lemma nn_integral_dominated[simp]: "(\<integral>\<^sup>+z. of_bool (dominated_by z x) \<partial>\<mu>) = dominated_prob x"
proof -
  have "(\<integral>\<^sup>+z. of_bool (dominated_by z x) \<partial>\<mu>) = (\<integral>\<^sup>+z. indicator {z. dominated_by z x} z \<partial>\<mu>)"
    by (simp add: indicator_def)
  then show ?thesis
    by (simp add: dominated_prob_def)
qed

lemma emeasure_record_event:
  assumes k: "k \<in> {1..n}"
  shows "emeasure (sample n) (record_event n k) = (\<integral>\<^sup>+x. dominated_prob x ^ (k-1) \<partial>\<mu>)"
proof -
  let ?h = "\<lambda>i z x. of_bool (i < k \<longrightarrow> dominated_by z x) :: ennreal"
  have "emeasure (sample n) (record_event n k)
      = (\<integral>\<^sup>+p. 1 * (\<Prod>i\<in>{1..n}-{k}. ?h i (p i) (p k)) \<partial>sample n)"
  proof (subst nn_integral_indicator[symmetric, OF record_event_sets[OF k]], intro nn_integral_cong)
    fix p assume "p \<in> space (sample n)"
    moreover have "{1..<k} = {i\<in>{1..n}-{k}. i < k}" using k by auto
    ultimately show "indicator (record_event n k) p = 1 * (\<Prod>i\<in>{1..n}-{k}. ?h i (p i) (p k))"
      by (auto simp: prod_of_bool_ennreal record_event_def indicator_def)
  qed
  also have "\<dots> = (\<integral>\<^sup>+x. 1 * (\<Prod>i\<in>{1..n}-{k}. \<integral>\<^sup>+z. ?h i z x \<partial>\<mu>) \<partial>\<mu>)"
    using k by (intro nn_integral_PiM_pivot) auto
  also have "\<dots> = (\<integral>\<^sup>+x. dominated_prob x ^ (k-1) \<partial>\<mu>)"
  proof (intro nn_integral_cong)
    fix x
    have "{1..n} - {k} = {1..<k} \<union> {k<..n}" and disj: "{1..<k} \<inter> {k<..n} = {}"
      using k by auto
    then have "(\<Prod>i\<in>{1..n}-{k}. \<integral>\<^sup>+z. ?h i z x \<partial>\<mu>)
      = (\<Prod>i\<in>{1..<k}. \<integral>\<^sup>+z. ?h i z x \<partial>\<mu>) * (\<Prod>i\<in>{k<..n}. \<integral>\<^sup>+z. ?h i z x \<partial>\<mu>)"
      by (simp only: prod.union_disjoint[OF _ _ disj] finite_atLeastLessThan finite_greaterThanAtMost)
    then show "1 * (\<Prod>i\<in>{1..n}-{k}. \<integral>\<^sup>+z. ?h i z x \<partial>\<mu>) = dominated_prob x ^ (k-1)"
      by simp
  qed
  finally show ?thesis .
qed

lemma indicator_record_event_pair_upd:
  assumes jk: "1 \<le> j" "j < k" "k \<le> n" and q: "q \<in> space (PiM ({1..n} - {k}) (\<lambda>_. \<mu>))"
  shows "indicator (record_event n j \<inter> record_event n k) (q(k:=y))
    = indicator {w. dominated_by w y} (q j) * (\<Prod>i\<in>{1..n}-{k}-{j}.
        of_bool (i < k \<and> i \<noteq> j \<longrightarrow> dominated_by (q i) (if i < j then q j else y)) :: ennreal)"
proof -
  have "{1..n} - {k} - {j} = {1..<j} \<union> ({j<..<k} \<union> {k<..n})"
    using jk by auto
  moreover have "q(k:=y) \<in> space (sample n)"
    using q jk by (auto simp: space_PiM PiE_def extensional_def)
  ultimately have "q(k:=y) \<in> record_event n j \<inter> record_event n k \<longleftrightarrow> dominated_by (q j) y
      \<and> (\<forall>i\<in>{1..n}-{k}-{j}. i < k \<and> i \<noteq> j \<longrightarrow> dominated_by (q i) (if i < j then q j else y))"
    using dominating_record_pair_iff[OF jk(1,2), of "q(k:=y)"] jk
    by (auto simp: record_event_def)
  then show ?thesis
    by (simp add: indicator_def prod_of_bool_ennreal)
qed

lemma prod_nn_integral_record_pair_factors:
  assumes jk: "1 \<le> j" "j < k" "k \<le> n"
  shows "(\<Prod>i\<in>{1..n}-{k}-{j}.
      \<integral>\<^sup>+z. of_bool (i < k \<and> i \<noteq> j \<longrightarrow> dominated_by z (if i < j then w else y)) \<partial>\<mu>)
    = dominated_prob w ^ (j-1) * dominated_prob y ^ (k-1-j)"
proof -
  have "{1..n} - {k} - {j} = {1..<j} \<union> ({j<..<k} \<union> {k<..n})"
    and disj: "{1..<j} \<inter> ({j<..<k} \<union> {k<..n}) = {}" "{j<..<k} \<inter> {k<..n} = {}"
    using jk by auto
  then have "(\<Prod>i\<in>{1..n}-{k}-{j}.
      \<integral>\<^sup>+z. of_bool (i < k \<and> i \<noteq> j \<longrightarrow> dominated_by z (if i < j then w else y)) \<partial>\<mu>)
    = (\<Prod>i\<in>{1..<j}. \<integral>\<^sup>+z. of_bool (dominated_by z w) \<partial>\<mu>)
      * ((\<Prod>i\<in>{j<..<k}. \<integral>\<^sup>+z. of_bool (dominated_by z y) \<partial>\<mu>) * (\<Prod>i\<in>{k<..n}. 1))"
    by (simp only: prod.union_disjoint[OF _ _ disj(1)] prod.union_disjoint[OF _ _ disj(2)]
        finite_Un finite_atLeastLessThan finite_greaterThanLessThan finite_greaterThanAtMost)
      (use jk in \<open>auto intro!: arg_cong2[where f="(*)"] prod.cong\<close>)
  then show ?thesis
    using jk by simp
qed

- - - -

* **ASSIGNMENT**
Return only the exact lines from the opening of the records through the line that contains "(\<integral>\<^sup>+p. 1 *", both included.

* **RESULT**
lemma nn_integral_dominated[simp]: "(\<integral>\<^sup>+z. of_bool (dominated_by z x) \<partial>\<mu>) = dominated_prob x"
proof -
  have "(\<integral>\<^sup>+z. of_bool (dominated_by z x) \<partial>\<mu>) = (\<integral>\<^sup>+z. indicator {z. dominated_by z x} z \<partial>\<mu>)"
    by (simp add: indicator_def)
  then show ?thesis
    by (simp add: dominated_prob_def)
qed

lemma emeasure_record_event:
  assumes k: "k \<in> {1..n}"
  shows "emeasure (sample n) (record_event n k) = (\<integral>\<^sup>+x. dominated_prob x ^ (k-1) \<partial>\<mu>)"
proof -
  let ?h = "\<lambda>i z x. of_bool (i < k \<longrightarrow> dominated_by z x) :: ennreal"
  have "emeasure (sample n) (record_event n k)
      = (\<integral>\<^sup>+p. 1 * (\<Prod>i\<in>{1..n}-{k}. ?h i (p i) (p k)) \<partial>sample n)"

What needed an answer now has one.